*EXERCISE GOAL*: Search the entries for the word "heavy". Copy each line in which it is found.

===============

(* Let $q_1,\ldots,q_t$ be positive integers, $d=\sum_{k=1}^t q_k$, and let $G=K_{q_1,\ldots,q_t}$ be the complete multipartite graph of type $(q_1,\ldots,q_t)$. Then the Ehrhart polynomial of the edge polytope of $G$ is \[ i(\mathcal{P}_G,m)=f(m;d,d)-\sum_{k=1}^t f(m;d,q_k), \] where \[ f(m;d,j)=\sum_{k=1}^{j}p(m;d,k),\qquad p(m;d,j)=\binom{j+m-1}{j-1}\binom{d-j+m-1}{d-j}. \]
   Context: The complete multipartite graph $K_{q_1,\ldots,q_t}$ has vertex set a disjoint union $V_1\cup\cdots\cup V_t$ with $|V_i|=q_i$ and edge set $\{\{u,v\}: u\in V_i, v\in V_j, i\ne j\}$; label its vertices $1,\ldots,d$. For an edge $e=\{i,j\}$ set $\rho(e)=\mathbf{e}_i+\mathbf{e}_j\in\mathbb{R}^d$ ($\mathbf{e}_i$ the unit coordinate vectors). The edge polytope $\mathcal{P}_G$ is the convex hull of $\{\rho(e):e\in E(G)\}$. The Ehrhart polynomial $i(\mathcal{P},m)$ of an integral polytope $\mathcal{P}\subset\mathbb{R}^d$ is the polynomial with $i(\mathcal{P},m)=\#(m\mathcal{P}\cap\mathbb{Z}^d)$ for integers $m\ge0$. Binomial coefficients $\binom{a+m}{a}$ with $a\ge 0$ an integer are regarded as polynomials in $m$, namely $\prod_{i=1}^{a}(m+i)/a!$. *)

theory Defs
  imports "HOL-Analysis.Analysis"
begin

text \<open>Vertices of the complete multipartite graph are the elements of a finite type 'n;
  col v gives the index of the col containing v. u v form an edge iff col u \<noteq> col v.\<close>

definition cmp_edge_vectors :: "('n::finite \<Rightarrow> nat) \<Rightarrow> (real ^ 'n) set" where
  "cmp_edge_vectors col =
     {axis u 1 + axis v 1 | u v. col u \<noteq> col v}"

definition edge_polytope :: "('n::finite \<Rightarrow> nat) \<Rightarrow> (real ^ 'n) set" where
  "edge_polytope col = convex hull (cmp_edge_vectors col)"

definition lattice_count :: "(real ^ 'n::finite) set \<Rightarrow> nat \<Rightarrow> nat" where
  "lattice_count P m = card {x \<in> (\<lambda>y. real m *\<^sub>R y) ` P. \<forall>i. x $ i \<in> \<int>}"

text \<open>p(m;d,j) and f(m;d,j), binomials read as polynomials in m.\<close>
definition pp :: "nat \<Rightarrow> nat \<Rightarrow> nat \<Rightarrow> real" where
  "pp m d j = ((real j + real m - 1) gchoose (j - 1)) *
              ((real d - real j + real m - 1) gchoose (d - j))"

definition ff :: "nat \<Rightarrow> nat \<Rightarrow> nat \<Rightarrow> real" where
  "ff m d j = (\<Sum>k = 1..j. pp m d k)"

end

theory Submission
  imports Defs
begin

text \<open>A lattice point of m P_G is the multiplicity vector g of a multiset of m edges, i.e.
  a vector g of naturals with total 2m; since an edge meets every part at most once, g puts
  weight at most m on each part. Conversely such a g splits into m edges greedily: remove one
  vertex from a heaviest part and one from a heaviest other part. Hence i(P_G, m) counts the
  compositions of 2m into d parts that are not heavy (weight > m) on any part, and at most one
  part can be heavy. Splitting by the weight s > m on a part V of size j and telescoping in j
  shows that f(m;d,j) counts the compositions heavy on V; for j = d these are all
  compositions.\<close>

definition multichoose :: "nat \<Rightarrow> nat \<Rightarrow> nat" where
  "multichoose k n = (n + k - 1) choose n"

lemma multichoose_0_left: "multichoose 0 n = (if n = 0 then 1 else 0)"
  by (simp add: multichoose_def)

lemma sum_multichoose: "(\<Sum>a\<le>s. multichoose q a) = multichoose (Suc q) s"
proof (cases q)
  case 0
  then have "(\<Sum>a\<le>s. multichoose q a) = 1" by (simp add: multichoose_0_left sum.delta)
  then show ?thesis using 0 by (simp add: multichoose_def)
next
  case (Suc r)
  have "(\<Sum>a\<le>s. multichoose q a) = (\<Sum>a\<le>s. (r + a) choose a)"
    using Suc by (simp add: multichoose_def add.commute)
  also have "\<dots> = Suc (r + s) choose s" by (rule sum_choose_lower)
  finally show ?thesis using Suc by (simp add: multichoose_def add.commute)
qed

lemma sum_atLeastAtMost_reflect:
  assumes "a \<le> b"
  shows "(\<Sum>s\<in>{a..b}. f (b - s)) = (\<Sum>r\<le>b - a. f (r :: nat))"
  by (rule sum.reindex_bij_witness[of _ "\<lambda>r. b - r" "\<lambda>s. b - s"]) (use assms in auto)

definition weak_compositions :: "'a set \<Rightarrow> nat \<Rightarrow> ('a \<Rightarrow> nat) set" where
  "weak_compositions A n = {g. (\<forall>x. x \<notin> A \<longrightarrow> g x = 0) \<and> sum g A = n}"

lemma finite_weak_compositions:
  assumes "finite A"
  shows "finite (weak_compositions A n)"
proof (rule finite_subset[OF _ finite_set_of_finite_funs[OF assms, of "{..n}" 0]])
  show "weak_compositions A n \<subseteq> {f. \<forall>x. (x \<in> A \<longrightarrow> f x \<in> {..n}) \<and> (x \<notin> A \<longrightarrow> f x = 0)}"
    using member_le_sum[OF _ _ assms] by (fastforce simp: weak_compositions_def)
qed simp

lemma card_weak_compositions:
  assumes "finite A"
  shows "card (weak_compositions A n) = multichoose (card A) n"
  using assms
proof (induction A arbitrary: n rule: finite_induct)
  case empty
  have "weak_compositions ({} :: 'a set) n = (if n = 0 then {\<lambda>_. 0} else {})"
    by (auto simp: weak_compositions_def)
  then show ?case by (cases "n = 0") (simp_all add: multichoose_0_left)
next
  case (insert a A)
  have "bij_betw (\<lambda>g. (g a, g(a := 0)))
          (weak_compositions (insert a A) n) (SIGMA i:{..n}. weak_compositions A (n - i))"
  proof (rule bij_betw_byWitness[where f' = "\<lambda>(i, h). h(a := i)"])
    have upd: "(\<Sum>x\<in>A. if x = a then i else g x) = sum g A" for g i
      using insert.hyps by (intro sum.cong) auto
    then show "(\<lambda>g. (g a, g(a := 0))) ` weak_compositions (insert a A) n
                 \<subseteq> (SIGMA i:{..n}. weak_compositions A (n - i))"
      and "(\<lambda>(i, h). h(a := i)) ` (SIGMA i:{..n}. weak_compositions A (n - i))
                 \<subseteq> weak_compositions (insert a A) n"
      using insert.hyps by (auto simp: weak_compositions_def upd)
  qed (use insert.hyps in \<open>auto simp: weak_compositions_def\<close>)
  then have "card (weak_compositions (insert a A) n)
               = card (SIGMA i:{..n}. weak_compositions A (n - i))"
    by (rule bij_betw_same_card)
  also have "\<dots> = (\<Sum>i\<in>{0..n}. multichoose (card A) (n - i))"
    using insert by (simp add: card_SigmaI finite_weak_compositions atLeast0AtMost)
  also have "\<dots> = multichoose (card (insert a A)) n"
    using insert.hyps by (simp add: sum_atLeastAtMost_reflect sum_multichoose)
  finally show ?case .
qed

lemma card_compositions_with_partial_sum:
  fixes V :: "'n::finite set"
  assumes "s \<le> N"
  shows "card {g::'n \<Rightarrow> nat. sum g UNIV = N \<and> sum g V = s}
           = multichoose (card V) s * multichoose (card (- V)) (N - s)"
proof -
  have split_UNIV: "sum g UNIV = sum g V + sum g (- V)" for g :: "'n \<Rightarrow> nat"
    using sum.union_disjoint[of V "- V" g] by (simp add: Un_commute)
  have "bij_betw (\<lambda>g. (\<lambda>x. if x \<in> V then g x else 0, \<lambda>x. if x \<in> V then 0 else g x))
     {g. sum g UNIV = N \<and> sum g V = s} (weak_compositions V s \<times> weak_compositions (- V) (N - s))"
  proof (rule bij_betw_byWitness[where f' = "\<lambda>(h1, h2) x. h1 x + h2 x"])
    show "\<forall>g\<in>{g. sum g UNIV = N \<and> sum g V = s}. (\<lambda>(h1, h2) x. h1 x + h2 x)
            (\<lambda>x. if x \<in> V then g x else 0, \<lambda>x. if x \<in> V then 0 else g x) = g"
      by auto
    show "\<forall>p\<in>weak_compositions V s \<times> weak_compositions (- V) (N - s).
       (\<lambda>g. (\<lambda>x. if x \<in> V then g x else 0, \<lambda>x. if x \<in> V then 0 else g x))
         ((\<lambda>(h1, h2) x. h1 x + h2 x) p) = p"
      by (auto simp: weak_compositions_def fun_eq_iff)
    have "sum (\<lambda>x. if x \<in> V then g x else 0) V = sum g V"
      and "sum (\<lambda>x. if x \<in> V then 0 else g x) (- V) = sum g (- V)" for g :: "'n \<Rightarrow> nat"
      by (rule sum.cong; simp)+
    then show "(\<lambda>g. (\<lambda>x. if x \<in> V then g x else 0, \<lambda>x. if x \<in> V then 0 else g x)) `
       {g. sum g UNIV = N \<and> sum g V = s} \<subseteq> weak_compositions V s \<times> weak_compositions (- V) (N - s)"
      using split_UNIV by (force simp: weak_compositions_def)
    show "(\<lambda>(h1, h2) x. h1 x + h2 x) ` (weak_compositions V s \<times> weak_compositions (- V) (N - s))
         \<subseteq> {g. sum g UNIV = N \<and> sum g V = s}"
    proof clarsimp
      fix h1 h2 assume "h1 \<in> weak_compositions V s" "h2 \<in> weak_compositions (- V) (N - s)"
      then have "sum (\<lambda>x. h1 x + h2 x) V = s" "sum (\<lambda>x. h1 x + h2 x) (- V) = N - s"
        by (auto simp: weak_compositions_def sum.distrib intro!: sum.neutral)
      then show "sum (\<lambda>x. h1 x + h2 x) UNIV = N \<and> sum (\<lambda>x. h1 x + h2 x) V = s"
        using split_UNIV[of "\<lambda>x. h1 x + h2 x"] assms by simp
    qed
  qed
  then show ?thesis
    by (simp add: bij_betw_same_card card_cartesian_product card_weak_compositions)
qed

===============

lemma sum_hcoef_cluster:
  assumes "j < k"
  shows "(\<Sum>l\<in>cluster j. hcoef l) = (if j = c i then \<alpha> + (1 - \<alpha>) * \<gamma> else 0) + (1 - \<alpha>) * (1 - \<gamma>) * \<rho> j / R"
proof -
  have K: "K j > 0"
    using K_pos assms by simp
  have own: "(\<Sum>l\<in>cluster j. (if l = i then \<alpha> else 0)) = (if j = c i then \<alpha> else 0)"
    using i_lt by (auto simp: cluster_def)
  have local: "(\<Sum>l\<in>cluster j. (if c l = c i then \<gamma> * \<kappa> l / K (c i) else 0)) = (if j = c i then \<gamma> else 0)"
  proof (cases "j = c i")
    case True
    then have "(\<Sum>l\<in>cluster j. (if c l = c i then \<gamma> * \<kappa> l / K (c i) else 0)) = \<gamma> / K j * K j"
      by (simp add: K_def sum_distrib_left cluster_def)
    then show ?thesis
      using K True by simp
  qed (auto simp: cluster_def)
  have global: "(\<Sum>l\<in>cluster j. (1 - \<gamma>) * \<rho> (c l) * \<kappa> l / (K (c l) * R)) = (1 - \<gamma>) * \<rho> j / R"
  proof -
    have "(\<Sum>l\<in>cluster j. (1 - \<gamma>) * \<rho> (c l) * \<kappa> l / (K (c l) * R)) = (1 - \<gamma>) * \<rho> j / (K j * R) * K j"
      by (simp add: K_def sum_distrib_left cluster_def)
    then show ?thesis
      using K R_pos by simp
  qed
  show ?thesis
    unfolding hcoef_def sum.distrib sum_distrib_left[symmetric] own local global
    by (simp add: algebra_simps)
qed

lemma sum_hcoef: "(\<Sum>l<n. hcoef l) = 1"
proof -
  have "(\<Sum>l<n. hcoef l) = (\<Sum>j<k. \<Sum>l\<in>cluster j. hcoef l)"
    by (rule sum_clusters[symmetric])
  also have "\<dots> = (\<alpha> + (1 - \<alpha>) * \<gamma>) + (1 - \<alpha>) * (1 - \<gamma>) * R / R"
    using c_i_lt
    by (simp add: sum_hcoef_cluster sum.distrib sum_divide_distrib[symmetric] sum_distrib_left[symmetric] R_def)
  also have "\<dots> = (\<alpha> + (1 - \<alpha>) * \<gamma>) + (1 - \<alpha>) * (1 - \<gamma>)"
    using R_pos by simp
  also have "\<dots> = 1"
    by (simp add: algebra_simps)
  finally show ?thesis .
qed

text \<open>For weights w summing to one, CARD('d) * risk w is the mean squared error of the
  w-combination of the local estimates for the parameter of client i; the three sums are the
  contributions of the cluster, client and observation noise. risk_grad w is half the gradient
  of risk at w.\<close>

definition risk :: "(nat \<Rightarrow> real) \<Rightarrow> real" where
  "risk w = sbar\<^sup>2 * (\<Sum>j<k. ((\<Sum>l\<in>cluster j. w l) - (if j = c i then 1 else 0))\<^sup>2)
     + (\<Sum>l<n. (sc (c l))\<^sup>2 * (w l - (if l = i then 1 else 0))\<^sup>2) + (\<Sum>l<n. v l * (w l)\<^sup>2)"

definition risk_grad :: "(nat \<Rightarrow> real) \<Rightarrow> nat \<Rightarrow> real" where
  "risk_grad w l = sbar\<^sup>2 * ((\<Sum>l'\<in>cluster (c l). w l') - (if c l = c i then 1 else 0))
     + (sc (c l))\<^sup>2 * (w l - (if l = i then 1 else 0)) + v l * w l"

===============

*EXERCISE OUTPUT*:
  compositions of 2m into d parts that are not heavy (weight > m) on any part, and at most one
  part can be heavy. Splitting by the weight s > m on a part V of size j and telescoping in j
  shows that f(m;d,j) counts the compositions heavy on V; for j = d these are all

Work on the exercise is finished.